• _Your assignment_
Write out exactly the lines below that run from the one containing "continuous_on I kg" through the one containing "norm (T s) = 1", both included, with no other lines.

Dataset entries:
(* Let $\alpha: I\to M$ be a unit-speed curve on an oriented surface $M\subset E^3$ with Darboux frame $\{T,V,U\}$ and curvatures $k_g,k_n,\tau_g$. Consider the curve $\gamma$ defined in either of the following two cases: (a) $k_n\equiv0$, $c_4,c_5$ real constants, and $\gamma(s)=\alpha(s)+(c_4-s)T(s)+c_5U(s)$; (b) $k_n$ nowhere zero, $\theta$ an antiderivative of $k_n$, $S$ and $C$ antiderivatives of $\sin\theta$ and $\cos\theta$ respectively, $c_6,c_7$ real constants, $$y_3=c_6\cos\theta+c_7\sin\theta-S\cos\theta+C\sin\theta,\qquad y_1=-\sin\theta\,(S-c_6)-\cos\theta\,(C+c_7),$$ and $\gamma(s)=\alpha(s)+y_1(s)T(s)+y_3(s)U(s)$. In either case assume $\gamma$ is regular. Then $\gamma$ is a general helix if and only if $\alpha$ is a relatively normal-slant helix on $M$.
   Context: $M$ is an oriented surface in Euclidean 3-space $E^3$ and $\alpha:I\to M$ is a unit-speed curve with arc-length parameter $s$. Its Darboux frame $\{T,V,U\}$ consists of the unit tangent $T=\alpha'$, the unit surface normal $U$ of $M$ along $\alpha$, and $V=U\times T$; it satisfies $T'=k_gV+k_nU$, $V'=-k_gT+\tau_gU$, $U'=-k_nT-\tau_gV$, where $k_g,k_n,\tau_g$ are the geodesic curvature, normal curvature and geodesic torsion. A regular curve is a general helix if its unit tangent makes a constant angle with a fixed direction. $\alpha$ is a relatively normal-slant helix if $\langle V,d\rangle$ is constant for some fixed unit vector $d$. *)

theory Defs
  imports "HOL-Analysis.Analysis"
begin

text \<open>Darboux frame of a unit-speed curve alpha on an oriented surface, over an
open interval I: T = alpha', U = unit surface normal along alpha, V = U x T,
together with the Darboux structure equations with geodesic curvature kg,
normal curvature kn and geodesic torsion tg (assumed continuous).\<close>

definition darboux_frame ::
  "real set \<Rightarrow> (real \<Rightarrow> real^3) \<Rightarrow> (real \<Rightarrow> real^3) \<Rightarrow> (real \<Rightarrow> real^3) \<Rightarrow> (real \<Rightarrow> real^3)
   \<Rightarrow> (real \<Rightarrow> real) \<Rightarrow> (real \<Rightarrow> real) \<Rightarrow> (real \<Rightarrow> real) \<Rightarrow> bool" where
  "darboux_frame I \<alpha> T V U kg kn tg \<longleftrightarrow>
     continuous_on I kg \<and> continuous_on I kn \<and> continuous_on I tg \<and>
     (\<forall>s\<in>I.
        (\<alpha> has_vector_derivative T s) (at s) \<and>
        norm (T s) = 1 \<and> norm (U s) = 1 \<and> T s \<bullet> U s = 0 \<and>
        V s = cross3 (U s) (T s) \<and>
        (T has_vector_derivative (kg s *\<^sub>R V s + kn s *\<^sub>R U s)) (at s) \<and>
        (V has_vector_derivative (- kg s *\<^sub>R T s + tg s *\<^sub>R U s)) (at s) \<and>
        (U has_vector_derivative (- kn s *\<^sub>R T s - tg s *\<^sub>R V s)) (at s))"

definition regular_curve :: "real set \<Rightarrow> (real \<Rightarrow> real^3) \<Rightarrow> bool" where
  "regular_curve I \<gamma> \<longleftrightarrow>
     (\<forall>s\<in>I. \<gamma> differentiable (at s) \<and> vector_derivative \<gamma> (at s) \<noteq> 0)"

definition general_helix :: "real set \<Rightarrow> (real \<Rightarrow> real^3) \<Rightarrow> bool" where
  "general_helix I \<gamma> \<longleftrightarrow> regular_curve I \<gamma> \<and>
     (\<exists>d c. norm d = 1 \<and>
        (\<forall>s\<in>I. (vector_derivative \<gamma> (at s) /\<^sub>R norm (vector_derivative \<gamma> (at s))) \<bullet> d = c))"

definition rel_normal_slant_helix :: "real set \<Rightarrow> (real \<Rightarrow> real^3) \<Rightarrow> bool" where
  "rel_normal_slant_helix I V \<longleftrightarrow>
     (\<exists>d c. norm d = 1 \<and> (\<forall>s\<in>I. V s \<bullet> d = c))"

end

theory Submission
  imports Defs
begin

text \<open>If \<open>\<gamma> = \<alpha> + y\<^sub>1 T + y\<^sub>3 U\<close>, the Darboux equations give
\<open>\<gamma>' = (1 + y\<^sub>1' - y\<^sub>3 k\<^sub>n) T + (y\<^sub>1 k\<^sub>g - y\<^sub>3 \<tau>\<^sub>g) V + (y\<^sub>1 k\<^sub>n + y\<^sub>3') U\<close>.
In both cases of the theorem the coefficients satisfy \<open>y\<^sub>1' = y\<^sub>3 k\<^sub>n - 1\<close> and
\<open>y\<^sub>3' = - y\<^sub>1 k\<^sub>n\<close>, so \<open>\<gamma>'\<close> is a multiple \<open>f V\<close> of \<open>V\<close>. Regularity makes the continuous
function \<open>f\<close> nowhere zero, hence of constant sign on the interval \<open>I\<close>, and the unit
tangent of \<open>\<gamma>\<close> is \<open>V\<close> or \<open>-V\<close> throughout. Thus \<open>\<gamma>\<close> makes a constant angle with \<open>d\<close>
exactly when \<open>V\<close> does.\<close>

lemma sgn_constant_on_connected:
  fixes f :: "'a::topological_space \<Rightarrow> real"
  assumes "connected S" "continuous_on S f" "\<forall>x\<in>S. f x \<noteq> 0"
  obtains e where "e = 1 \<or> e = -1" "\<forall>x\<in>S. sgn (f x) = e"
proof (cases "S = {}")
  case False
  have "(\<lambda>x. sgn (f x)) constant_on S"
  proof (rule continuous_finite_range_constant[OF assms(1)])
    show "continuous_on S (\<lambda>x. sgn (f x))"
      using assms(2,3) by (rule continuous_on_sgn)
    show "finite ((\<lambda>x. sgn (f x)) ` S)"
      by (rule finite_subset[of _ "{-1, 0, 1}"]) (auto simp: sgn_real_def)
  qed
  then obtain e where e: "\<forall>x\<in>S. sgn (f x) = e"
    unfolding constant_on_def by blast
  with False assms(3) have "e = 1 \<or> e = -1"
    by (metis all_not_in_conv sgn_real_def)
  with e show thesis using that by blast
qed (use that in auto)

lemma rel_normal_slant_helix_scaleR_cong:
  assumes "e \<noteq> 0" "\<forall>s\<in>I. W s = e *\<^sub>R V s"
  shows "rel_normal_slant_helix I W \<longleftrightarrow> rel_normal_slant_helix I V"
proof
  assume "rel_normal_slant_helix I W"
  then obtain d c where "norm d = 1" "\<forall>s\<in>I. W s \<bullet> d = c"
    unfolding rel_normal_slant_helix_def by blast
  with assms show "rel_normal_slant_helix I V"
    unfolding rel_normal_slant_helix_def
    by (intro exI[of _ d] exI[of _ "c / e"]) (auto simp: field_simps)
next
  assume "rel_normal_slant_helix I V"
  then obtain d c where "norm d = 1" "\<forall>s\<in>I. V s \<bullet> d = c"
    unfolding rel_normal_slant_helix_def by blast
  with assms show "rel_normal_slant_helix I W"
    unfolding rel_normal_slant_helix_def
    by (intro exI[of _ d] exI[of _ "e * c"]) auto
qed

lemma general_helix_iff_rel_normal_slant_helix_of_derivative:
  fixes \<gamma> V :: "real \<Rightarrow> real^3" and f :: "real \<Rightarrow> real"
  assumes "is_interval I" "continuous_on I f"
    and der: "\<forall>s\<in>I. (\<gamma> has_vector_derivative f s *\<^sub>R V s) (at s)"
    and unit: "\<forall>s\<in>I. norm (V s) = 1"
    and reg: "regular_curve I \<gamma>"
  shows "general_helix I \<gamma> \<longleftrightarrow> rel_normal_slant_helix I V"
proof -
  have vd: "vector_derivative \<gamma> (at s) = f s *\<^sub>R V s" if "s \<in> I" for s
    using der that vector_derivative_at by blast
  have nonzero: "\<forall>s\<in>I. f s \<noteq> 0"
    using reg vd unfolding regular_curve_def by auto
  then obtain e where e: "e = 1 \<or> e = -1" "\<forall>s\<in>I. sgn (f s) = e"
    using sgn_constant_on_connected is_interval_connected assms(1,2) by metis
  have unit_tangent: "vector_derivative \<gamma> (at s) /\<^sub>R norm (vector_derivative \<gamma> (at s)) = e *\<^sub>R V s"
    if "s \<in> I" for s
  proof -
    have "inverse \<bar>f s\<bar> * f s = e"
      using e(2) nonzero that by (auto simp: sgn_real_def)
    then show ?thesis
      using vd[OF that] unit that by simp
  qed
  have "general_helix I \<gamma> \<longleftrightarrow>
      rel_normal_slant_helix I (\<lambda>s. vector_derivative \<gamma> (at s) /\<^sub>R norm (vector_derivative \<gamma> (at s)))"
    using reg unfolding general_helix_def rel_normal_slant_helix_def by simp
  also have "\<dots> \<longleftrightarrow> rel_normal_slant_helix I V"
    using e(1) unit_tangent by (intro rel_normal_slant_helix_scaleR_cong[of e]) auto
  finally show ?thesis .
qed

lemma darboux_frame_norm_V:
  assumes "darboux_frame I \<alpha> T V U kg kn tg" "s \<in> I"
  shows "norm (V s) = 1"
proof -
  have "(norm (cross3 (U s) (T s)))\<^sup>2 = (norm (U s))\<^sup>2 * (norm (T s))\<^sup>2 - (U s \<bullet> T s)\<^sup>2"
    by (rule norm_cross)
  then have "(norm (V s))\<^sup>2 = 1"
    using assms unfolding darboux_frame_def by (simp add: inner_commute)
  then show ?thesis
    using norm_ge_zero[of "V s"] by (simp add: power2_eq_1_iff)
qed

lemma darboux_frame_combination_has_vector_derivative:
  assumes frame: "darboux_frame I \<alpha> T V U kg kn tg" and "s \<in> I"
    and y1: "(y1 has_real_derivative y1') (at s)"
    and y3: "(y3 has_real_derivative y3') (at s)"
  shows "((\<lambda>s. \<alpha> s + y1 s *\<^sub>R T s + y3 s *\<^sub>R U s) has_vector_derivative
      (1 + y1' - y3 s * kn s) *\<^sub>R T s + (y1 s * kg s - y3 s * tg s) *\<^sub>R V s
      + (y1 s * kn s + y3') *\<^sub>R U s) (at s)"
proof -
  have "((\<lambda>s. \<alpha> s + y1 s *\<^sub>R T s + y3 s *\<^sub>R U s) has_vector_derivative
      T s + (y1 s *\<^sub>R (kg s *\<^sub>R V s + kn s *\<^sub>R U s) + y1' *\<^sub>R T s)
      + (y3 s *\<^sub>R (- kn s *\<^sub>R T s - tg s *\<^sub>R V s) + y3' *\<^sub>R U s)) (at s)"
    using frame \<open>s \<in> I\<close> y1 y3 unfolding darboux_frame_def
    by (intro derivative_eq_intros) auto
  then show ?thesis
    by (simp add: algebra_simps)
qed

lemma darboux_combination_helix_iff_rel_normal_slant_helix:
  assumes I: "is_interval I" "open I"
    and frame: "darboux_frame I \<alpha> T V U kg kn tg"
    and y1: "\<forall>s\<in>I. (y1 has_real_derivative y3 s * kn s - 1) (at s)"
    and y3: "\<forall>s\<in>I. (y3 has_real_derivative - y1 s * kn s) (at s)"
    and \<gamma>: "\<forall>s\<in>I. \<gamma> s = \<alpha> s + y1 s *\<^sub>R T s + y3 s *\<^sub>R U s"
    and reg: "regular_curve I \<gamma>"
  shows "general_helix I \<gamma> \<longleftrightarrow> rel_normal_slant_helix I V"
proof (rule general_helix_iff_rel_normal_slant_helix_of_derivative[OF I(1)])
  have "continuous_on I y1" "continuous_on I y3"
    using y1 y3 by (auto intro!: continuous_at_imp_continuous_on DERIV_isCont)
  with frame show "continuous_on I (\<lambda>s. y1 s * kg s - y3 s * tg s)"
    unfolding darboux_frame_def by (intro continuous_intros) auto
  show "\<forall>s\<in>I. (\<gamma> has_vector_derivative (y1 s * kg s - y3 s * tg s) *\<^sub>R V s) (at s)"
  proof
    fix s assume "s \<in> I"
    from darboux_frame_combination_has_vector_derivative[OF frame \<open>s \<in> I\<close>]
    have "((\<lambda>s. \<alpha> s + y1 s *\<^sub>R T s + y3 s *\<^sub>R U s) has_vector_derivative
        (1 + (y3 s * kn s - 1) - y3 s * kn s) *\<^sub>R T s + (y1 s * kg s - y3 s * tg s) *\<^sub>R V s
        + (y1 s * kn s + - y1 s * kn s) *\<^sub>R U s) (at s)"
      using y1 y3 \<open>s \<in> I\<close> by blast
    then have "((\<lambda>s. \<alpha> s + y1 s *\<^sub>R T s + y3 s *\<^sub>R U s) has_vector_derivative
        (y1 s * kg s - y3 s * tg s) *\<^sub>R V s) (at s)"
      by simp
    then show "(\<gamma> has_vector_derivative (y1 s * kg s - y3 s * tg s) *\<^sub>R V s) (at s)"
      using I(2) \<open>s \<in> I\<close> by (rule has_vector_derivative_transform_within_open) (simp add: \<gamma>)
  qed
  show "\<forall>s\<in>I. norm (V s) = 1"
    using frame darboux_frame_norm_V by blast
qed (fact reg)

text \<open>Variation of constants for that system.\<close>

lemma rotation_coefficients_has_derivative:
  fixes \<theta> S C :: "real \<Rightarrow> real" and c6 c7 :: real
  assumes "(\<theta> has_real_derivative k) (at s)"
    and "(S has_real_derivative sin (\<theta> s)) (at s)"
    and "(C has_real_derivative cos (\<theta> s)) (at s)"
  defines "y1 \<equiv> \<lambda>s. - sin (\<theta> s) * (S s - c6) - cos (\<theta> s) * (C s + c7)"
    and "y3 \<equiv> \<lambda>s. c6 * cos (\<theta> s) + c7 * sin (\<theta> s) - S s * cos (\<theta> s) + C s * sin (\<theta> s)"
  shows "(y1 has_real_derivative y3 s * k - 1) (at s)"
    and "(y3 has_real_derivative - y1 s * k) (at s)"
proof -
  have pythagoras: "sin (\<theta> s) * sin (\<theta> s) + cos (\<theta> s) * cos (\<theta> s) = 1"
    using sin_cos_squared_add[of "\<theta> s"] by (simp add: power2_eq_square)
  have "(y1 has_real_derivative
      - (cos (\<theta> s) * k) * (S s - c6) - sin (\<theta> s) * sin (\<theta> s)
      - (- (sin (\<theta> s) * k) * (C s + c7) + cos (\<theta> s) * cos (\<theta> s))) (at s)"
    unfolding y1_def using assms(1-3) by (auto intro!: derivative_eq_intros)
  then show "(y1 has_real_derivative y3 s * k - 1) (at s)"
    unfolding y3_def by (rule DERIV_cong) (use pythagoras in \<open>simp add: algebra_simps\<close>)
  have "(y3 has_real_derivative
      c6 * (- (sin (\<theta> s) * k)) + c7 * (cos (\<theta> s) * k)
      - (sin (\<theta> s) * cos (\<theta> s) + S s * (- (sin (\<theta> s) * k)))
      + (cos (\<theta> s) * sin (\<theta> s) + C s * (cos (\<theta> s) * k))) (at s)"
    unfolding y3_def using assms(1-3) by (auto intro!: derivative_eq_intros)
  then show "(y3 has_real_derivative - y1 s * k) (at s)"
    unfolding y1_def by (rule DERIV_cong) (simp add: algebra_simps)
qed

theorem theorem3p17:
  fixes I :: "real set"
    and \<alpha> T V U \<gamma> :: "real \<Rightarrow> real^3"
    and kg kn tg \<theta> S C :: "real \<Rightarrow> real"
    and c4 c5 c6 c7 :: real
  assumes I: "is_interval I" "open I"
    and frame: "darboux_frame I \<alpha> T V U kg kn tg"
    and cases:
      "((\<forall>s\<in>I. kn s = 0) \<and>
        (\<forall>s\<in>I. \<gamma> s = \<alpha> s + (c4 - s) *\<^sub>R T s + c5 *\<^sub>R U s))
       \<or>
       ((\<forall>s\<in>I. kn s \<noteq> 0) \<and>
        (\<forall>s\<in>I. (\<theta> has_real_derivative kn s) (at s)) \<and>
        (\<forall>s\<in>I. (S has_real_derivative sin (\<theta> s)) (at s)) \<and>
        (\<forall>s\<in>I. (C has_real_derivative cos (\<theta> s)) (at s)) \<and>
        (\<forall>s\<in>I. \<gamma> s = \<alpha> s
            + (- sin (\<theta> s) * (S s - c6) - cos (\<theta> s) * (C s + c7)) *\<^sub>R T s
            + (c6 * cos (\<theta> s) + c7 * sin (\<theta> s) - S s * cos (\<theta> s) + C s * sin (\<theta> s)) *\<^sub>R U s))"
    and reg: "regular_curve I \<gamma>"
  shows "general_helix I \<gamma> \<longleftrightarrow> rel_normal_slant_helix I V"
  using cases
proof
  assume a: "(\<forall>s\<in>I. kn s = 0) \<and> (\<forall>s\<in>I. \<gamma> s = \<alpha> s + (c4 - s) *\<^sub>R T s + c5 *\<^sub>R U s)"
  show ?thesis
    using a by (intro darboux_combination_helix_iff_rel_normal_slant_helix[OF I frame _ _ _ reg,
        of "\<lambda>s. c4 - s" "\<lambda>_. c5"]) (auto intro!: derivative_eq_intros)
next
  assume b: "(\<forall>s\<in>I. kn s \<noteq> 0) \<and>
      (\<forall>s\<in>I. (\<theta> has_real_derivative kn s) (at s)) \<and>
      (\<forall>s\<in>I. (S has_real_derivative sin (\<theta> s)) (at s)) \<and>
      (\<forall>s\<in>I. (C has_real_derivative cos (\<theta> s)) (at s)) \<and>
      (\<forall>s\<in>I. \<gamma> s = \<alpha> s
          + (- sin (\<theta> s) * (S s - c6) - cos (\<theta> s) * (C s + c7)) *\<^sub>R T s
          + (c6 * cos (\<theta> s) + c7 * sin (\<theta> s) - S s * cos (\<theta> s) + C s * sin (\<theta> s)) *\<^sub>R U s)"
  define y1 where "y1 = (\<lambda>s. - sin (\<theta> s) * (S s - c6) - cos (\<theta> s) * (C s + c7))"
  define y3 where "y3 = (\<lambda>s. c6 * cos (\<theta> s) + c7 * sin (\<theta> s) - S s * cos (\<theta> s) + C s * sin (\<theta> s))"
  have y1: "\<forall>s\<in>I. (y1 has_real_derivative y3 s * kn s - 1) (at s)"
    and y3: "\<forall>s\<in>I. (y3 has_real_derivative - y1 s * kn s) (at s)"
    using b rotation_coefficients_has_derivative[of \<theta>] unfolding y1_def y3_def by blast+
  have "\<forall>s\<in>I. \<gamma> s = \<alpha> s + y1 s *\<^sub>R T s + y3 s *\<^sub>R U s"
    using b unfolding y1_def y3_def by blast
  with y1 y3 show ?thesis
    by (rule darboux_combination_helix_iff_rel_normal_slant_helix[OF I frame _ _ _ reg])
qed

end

• _Solution_
     continuous_on I kg \<and> continuous_on I kn \<and> continuous_on I tg \<and>
     (\<forall>s\<in>I.
        (\<alpha> has_vector_derivative T s) (at s) \<and>
        norm (T s) = 1 \<and> norm (U s) = 1 \<and> T s \<bullet> U s = 0 \<and>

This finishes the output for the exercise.